Я снова фотографирую ее и отправляю фото, она делает тоже самое. Изучаем работы друг друга, беспечно улыбаясь. Но на то, самое первое, она смотрела совсем с другим выражением лица.

— Пойдем, ты обязательно должна увидеть площадь Театр, — я снова взял ее за руку и потянул за собой.

— Да, я знаю. Я читала. Даже не мечтала попасть туда, — восторженно щебечет Мелания, пока мы блуждаем между старинных домов и построек, приближаясь к центральной площади, где сохранилась архитектура 18 века. — Здесь писали свои работы Пикассо, Дали и Утрилло, — просвещает меня Мелания.

— И Тулуз-Лотрека, — с непроницаемым видом добавляю я. Она даже замедляет шаг, удивленно глядя на меня. — Именно он прославил Мулен-Руж, — поясняю снисходительно.

— Ты разбираешься в живописи? — спрашивает Мэл, даже не пытаясь скрыть своего недоумения.

— Готов поспорить, что знаю больше художников, чем ты, Лана.

— Ну уж нет. Здесь ты меня не переспоришь, — самоуверенно заявляет Мэл.

— Выбирай предмет спора, — подлавливаю ее на слове.

— Ты проиграешь, Джаред, — Мелания смеется и качает головой.

— Хорошо. Буду рад выполнить любое твоё желание, крошка.

— Отлично. Любое желание, — кивает она. — Я начинаю. Бернар Эмиль.

— Жан Беро, — подхватываю я. Она снисходительно ухмыляется.

— Ван Гог.

— Жорж Брак.

— Хмм, а ты хорош, — с уважением кивает, глядя на меня, вся ее ирония постепенно улетучивается. — Сюзанна Валадон.

— Пикассо, — быстро отвечаю я.

— Анри Матисс, — теперь Мелания уже начинает немного волноваться.

— Фрейндлих Отто.

— Поль Сезанн, — нервно бросает она, потратив полминуты на раздумье.

— Поль Синьяк, — все-так же быстро и четко отвечаю я.

— Морис Утрилло.

— Неа. Было, — отрицательно качаю головой, с самодовольной улыбой глядя на побледневшую Меланию. Она близка к панике. Волнуется и поэтому думать получается еще сложнее.

— Но я назвала трех художников до спора, — пытается схитрить и выровнять счет.

— Это не считается.

— Почему же?

— Ладно, — едва заметно киваю я, останавливаюсь, глядя в растерянные глаза Мелании. — Писарро, Ренуар, Стейнленд.

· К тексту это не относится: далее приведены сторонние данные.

lemma mass_mult_expect_cond:
  fixes \<mu> :: "(nat \<Rightarrow> 'a::finite) \<Rightarrow> real"
  assumes "C \<subseteq> cube n" "mass n \<mu> C > 0"
  shows "mass n \<mu> C * expect n (cond n \<mu> C) X = (\<Sum>\<sigma>\<in>C. \<mu> \<sigma> * X \<sigma>)"
proof -
  have "expect n (cond n \<mu> C) X = (\<Sum>\<sigma>\<in>cube n. if \<sigma> \<in> C then \<mu> \<sigma> * X \<sigma> / mass n \<mu> C else 0)"
    unfolding expect_def cond_def by (intro sum.cong) auto
  also have "\<dots> = (\<Sum>\<sigma>\<in>cube n \<inter> C. \<mu> \<sigma> * X \<sigma> / mass n \<mu> C)"
    by (simp add: sum.inter_restrict[OF finite_cube])
  also have "\<dots> = (\<Sum>\<sigma>\<in>C. \<mu> \<sigma> * X \<sigma>) / mass n \<mu> C"
    using assms(1) by (simp add: Int_absorb1 sum_divide_distrib)
  finally show ?thesis using assms(2) by simp
qed

lemma split_witness_of_not_regular_on:
  fixes \<mu> :: "(nat \<Rightarrow> 'a::finite) \<Rightarrow> real"
  assumes e: "0 \<le> \<epsilon>" and \<mu>: "\<forall>\<sigma>. 0 \<le> \<mu> \<sigma>" and C: "C \<subseteq> cube n" "mass n \<mu> C > 0"
    and irregular: "\<not> regular_on n (cond n \<mu> C) \<epsilon> U"
  shows "\<exists>S\<subseteq>U. \<epsilon> * real (card U) * (4 * \<epsilon>^2 / real CARD('a) * mass n \<mu> C)
    \<le> real (card S) * (\<Sum>\<sigma>\<in>C. \<mu> \<sigma> * sq_dist (emp \<sigma> S) (emp \<sigma> U))"
proof -
  obtain S where S: "S \<subseteq> U" "\<epsilon> * real (card U) \<le> real (card S)"
    and tv: "\<epsilon> \<le> expect n (cond n \<mu> C) (\<lambda>\<sigma>. tv (emp \<sigma> S) (emp \<sigma> U))"
    using irregular unfolding regular_on_def by auto
  have "\<epsilon> * mass n \<mu> C \<le> mass n \<mu> C * expect n (cond n \<mu> C) (\<lambda>\<sigma>. tv (emp \<sigma> S) (emp \<sigma> U))"
    using mult_right_mono[OF tv, of "mass n \<mu> C"] C(2) by (simp add: mult.commute)
  also have "\<dots> = (\<Sum>\<sigma>\<in>C. \<mu> \<sigma> * tv (emp \<sigma> S) (emp \<sigma> U))"
    by (rule mass_mult_expect_cond[OF C])
  finally have "\<epsilon> * (\<Sum>\<sigma>\<in>C. \<mu> \<sigma>) \<le> (\<Sum>\<sigma>\<in>C. \<mu> \<sigma> * tv (emp \<sigma> S) (emp \<sigma> U))"
    unfolding mass_eq_sum[OF C(1)] .
  from weighted_sq_dist_ge_tv[OF e _ this] \<mu>
  have "4 * \<epsilon>^2 / real CARD('a) * mass n \<mu> C \<le> (\<Sum>\<sigma>\<in>C. \<mu> \<sigma> * sq_dist (emp \<sigma> S) (emp \<sigma> U))"
    unfolding mass_eq_sum[OF C(1)] by blast
  with S show ?thesis
    using e C(2) by (intro exI[of _ S] conjI mult_mono) auto
qed

lemma not_regular_wrt_le_card:
  assumes "distinct Vs" "\<not> regular_wrt n \<nu> \<epsilon> Vs"
  shows "\<epsilon> * real n \<le> (\<Sum>U\<in>{U\<in>set Vs. \<not> regular_on n \<nu> \<epsilon> U}. real (card U))"
proof -
  define J where "J = {i. i < length Vs \<and> regular_on n \<nu> \<epsilon> (Vs!i)}"
  have "{..<length Vs} - J = {i. i < length Vs \<and> \<not> regular_on n \<nu> \<epsilon> (Vs!i)}"
    unfolding J_def by auto
  moreover have "J \<subseteq> {..<length Vs}" "\<forall>i\<in>J. regular_on n \<nu> \<epsilon> (Vs!i)"
    unfolding J_def by auto
  then have "\<not> real (\<Sum>i\<in>{..<length Vs} - J. card (Vs!i)) < \<epsilon> * real n"
    using assms(2) unfolding regular_wrt_def by blast
  ultimately have "\<epsilon> * real n \<le> (\<Sum>i\<in>{i. i < length Vs \<and> \<not> regular_on n \<nu> \<epsilon> (Vs!i)}. real (card (Vs!i)))"
    by simp
  also have "\<dots> = (\<Sum>U\<in>{U\<in>set Vs. \<not> regular_on n \<nu> \<epsilon> U}. real (card U))"
    by (rule sum_nth_filter[OF assms(1)])
  finally show ?thesis .
qed

lemma split_gain_of_not_regular_wrt:
  fixes \<mu> :: "(nat \<Rightarrow> 'a::finite) \<Rightarrow> real"
  assumes e: "0 \<le> \<epsilon>" and \<mu>: "\<forall>\<sigma>. 0 \<le> \<mu> \<sigma>" and C: "C \<subseteq> cube n" "mass n \<mu> C > 0"
    and Vs: "distinct Vs" and irregular: "\<not> regular_wrt n (cond n \<mu> C) \<epsilon> Vs"
  shows "\<exists>S. (\<forall>U\<in>set Vs. S U \<subseteq> U)
    \<and> 4 * \<epsilon>^4 / real CARD('a) * real n * mass n \<mu> C \<le> split_gain \<mu> C Vs S"
proof -
  define bad where "bad U \<longleftrightarrow> \<not> regular_on n (cond n \<mu> C) \<epsilon> U" for U
  define m where "m = 4 * \<epsilon>^2 / real CARD('a) * mass n \<mu> C"
  have m: "0 \<le> m" unfolding m_def using C(2) by simp
  have "\<exists>S. bad U \<longrightarrow> S \<subseteq> U \<and> \<epsilon> * real (card U) * m
      \<le> real (card S) * (\<Sum>\<sigma>\<in>C. \<mu> \<sigma> * sq_dist (emp \<sigma> S) (emp \<sigma> U))" for U
  proof (cases "bad U")
    case True
    then obtain S where "S \<subseteq> U" "\<epsilon> * real (card U) * m
        \<le> real (card S) * (\<Sum>\<sigma>\<in>C. \<mu> \<sigma> * sq_dist (emp \<sigma> S) (emp \<sigma> U))"
      using split_witness_of_not_regular_on[OF e \<mu> C, of U] unfolding bad_def m_def by blast
    then show ?thesis by blast
  qed blast
  from choice[OF allI[OF this]] obtain f where f: "\<forall>U. bad U \<longrightarrow> f U \<subseteq> U \<and> \<epsilon> * real (card U) * m
      \<le> real (card (f U)) * (\<Sum>\<sigma>\<in>C. \<mu> \<sigma> * sq_dist (emp \<sigma> (f U)) (emp \<sigma> U))"
    by (rule exE)
  define S where "S U = (if bad U then f U else {})" for U
  have "4 * \<epsilon>^4 / real CARD('a) * real n * mass n \<mu> C = \<epsilon> * m * (\<epsilon> * real n)"
    unfolding m_def by (simp add: power2_eq_square power4_eq_xxxx)
  also have "\<dots> \<le> \<epsilon> * m * (\<Sum>U\<in>{U\<in>set Vs. bad U}. real (card U))"
    using not_regular_wrt_le_card[OF Vs irregular] e m unfolding bad_def by (intro mult_left_mono) auto
  also have "\<dots> = (\<Sum>U\<in>{U\<in>set Vs. bad U}. \<epsilon> * real (card U) * m)"
    by (simp add: sum_distrib_left mult_ac)
  also have "\<dots> \<le> split_gain \<mu> C Vs S"
    unfolding split_gain_def
  proof (rule sum_filter_le_sum)
    fix U assume "bad U"
    then show "\<epsilon> * real (card U) * m
        \<le> real (card (S U)) * (\<Sum>\<sigma>\<in>C. \<mu> \<sigma> * sq_dist (emp \<sigma> (S U)) (emp \<sigma> U))"
      using f unfolding S_def by simp
  qed (use \<mu> in \<open>auto intro!: mult_nonneg_nonneg sum_nonneg simp: sq_dist_nonneg\<close>)
  finally have "4 * \<epsilon>^4 / real CARD('a) * real n * mass n \<mu> C \<le> split_gain \<mu> C Vs S" .
  moreover have "\<forall>U\<in>set Vs. S U \<subseteq> U" using f unfolding S_def by simp
  ultimately show ?thesis by (intro exI[of _ S] conjI)
qed

lemma cond_cube: "is_prob n \<mu> \<Longrightarrow> \<sigma> \<in> cube n \<Longrightarrow> cond n \<mu> (cube n) \<sigma> = \<mu> \<sigma>"
  unfolding cond_def mass_def is_prob_def by simp

lemma regular_wrt_cong:
  assumes "\<And>\<sigma>. \<sigma> \<in> cube n \<Longrightarrow> \<mu> \<sigma> = \<nu> \<sigma>"
  shows "regular_wrt n \<mu> \<epsilon> Vs = regular_wrt n \<nu> \<epsilon> Vs"
proof -
  have "expect n \<mu> X = expect n \<nu> X" for X
    unfolding expect_def using assms by (intro sum.cong) auto
  then show ?thesis unfolding regular_wrt_def regular_on_def by simp
qed

lemma split_gain_of_not_regular:
  fixes \<mu> :: "(nat \<Rightarrow> 'a::finite) \<Rightarrow> real"
  assumes e: "0 \<le> \<epsilon>" and prob: "is_prob n \<mu>" and Vs: "distinct Vs"
    and irregular: "\<not> regular_wrt n \<mu> \<epsilon> Vs"
  shows "\<exists>S. (\<forall>U\<in>set Vs. S U \<subseteq> U) \<and> 4 * \<epsilon>^4 / real CARD('a) * real n \<le> split_gain \<mu> (cube n) Vs S"
proof -
  have \<mu>: "\<forall>\<sigma>. 0 \<le> \<mu> \<sigma>" and mass: "mass n \<mu> (cube n) = 1"
    using prob unfolding is_prob_def mass_def by auto
  have "\<not> regular_wrt n (cond n \<mu> (cube n)) \<epsilon> Vs"
    using irregular regular_wrt_cong[of n "cond n \<mu> (cube n)" \<mu>] cond_cube[OF prob] by simp
  from split_gain_of_not_regular_wrt[OF e \<mu> subset_refl _ Vs this] mass show ?thesis by simp
qed

lemma not_homogeneous_irregular_mass:
  fixes \<mu> :: "(nat \<Rightarrow> 'a::finite) \<Rightarrow> real"
  assumes \<mu>: "\<forall>\<sigma>. 0 \<le> \<mu> \<sigma>" and Ss: "distinct Ss" and "\<not> homogeneous n \<mu> \<epsilon> Vs Ss"
    and "\<forall>i<length Ss. \<forall>j<length Vs. \<forall>\<sigma>\<in>Ss!i. \<forall>\<sigma>'\<in>Ss!i. tv (emp \<sigma> (Vs!j)) (emp \<sigma>' (Vs!j)) < \<epsilon>"
    and "regular_wrt n \<mu> \<epsilon> Vs"
  shows "\<epsilon> \<le> (\<Sum>C\<in>{C\<in>set Ss. mass n \<mu> C > 0 \<and> \<not> regular_wrt n (cond n \<mu> C) \<epsilon> Vs}. mass n \<mu> C)"
proof -
  define good where "good C \<longleftrightarrow> mass n \<mu> C > 0 \<and> regular_wrt n (cond n \<mu> C) \<epsilon> Vs" for C
  define I where "I = {i. i < length Ss \<and> good (Ss!i)}"
  have "I \<subseteq> {..<length Ss}" "\<forall>i\<in>I. mass n \<mu> (Ss!i) > 0"
    "\<forall>i\<in>I. regular_wrt n (cond n \<mu> (Ss!i)) \<epsilon> Vs"
    unfolding I_def good_def by auto
  then have "\<not> (\<Sum>i\<in>{..<length Ss} - I. mass n \<mu> (Ss!i)) < \<epsilon>"
    using assms(3-5) unfolding homogeneous_def by blast
  moreover have "{..<length Ss} - I = {i. i < length Ss \<and> \<not> good (Ss!i)}"
    unfolding I_def by auto
  ultimately have "\<epsilon> \<le> (\<Sum>i\<in>{i. i < length Ss \<and> \<not> good (Ss!i)}. mass n \<mu> (Ss!i))"
    by simp
  also have "\<dots> = (\<Sum>C\<in>{C\<in>set Ss. \<not> good C}. mass n \<mu> C)"
    by (rule sum_nth_filter[OF Ss])
  also have "\<dots> \<le> (\<Sum>C\<in>set Ss. if mass n \<mu> C > 0 \<and> \<not> regular_wrt n (cond n \<mu> C) \<epsilon> Vs then mass n \<mu> C else 0)"
    by (rule sum_filter_le_sum) (auto simp: good_def mass_nonneg[OF \<mu>])
  also have "\<dots> = (\<Sum>C\<in>{C\<in>set Ss. mass n \<mu> C > 0 \<and> \<not> regular_wrt n (cond n \<mu> C) \<epsilon> Vs}. mass n \<mu> C)"
    by (rule sum.inter_filter[symmetric]) simp
  finally show ?thesis .
qed
(* For every BIMS channel with capacity $C$ and every $\rho>-1$, $$-\log F^{\rm bsc}(\rho;C)\le E_0(\rho)\le -\log F^{\rm bec}(\rho;C).$$ In particular, the cutoff rate $R_0=E_0(1)$ satisfies $$-\log\Bigl(\tfrac12\bigl(\sqrt{\varepsilon}+\sqrt{1-\varepsilon}\bigr)^2\Bigr)\le R_0\le -\log\frac{1+(1-C)}{2},\qquad \varepsilon=h^{-1}(1-C),$$ with equality on the left for the BSC and on the right for the BEC.
   Context: A BIMS (binary-input memoryless symmetric) channel is a memoryless channel with input alphabet $\{x_0,x_1\}$, finite output alphabet $\mathcal Y$ and transition probabilities $P_{Y|X}(y|x)$. It is symmetric in Gallager's sense: the columns of the $2\times|\mathcal Y|$ transition matrix (rows indexed by inputs) can be partitioned into submatrices such that, in each submatrix, every row is a permutation of every other row and every column is a permutation of every other column. Inputs are equiprobable and logarithms are base 2. The capacity $C$ is $I(X;Y)$ under equiprobable inputs. For $\rho>-1$, $$F(\rho)=\sum_{x}\tfrac12\sum_{y:\,P_{Y|X}(y|x)>0}P_{Y|X}(y|x)\left(\frac{\tfrac12\sum_{x'}P_{Y|X}(y|x')^{1/(1+\rho)}}{P_{Y|X}(y|x)^{1/(1+\rho)}}\right)^{\rho},$$ and $E_0(\rho)=-\log F(\rho)$. $h$ is the binary entropy function and $h^{-1}$ its inverse on $[0,\tfrac12]$. Define $$F^{\rm bec}(\rho;C)=1+(2^{-\rho}-1)C,$$ $$F^{\rm bsc}(\rho;C)=2^{-\rho}\bigl(\varepsilon^{1/(1+\rho)}+(1-\varepsilon)^{1/(1+\rho)}\bigr)^{1+\rho},\qquad \varepsilon=h^{-1}(1-C).$$ *)

theory Defs
  imports "HOL-Analysis.Analysis" "HOL-Library.Disjoint_Sets"
begin

(* Binary input alphabet {x0,x1} is modelled by bool; W x y = P_{Y|X}(y|x);
   the finite output alphabet is the finite set Y. *)

definition gallager_symmetric :: "(bool \<Rightarrow> 'y \<Rightarrow> real) \<Rightarrow> 'y set \<Rightarrow> bool" where
  "gallager_symmetric W Y \<longleftrightarrow>
     (\<exists>P. partition_on Y P \<and>
       (\<forall>B\<in>P.
          (\<comment> \<open>every row of the submatrix is a permutation of every other row\<close>
           \<forall>x x'. \<exists>\<sigma>. bij_betw \<sigma> B B \<and> (\<forall>y\<in>B. W x' (\<sigma> y) = W x y)) \<and>
          (\<comment> \<open>every column of the submatrix is a permutation of every other column\<close>
           \<forall>y\<in>B. \<forall>y'\<in>B. \<exists>\<tau>::bool \<Rightarrow> bool. bij \<tau> \<and> (\<forall>x. W (\<tau> x) y' = W x y))))"

definition bims :: "(bool \<Rightarrow> 'y \<Rightarrow> real) \<Rightarrow> 'y set \<Rightarrow> bool" where
  "bims W Y \<longleftrightarrow> finite Y \<and> Y \<noteq> {} \<and>
     (\<forall>x. \<forall>y\<in>Y. W x y \<ge> 0) \<and> (\<forall>x. (\<Sum>y\<in>Y. W x y) = 1) \<and>
     gallager_symmetric W Y"

definition out_prob :: "(bool \<Rightarrow> 'y \<Rightarrow> real) \<Rightarrow> 'y \<Rightarrow> real" where
  "out_prob W y = (1/2) * (\<Sum>x'\<in>UNIV. W x' y)"

(* capacity C = I(X;Y) with equiprobable inputs, logs base 2 *)
definition capacity :: "(bool \<Rightarrow> 'y \<Rightarrow> real) \<Rightarrow> 'y set \<Rightarrow> real" where
  "capacity W Y = (\<Sum>x\<in>UNIV. (1/2) * (\<Sum>y\<in>{y\<in>Y. W x y > 0}.
       W x y * log 2 (W x y / out_prob W y)))"

definition Ffun :: "(bool \<Rightarrow> 'y \<Rightarrow> real) \<Rightarrow> 'y set \<Rightarrow> real \<Rightarrow> real" where
  "Ffun W Y \<rho> = (\<Sum>x\<in>UNIV. (1/2) * (\<Sum>y\<in>{y\<in>Y. W x y > 0}.
       W x y * (((1/2) * (\<Sum>x'\<in>UNIV. W x' y powr (1/(1+\<rho>)))) / W x y powr (1/(1+\<rho>))) powr \<rho>))"

definition E0 :: "(bool \<Rightarrow> 'y \<Rightarrow> real) \<Rightarrow> 'y set \<Rightarrow> real \<Rightarrow> real" where
  "E0 W Y \<rho> = - log 2 (Ffun W Y \<rho>)"

definition bin_entropy :: "real \<Rightarrow> real" where
  "bin_entropy p = (if p = 0 \<or> p = 1 then 0 else - p * log 2 p - (1 - p) * log 2 (1 - p))"

definition bin_entropy_inv :: "real \<Rightarrow> real" where
  "bin_entropy_inv c = (THE e. 0 \<le> e \<and> e \<le> 1/2 \<and> bin_entropy e = c)"

definition F_bec :: "real \<Rightarrow> real \<Rightarrow> real" where
  "F_bec \<rho> C = 1 + (2 powr (-\<rho>) - 1) * C"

— Ренуар — живописец, — почти злорадно сообщает Мэл.

— Не вижу разницы, но окей, Чарльз Стрикленд.

— Черт… Не может быть. Подожди. А, Амадео Модильяни! — радостно кричит Мелания, начиная пританцовывать. Не могу сдержать от смеха. На нас оборачиваются люди, а она продолжает отбивать подобие чечетки, празднуя свою победу.

— Съел, Джаред? — показывает мне язык.

— Жорж-Пьер Сера, — серьезно выдаю я, наблюдая, как улыбка сползает с ее лица. А радостные искры в глазах меняются мрачным выражением. — Любое желание? — лениво напоминаю я, широко и хищно улыбаясь. Мелания снова становится бледной, как полотно.

— Не собираюсь делать ничего такого, Джаред.

Вскидываю брови в притворном недоумении.

— «Ничего такого» я не попрошу, — заверяю я свою маленькую наивную дурочку, пытаясь припомнить, когда она перестала быть «этой сучкой». — Пусть будет банальный массаж. И даже не всего тела, — плутовато улыбаюсь, замечая, как розовеют ее щеки.

— Может быть, массаж руки? — с надеждой спрашивает Мэл. Я смеюсь, протягивая руку и тяну ее к себе за запястье.

— Малышка, массаж спины, и, если будешь спорить дальше, я приплюсую низ живота.

— Ты… — поджимая губы, шипит мне в лицо Мэл, пытаясь вырваться.

— Успокойся, злючка. Пропустишь много интересного.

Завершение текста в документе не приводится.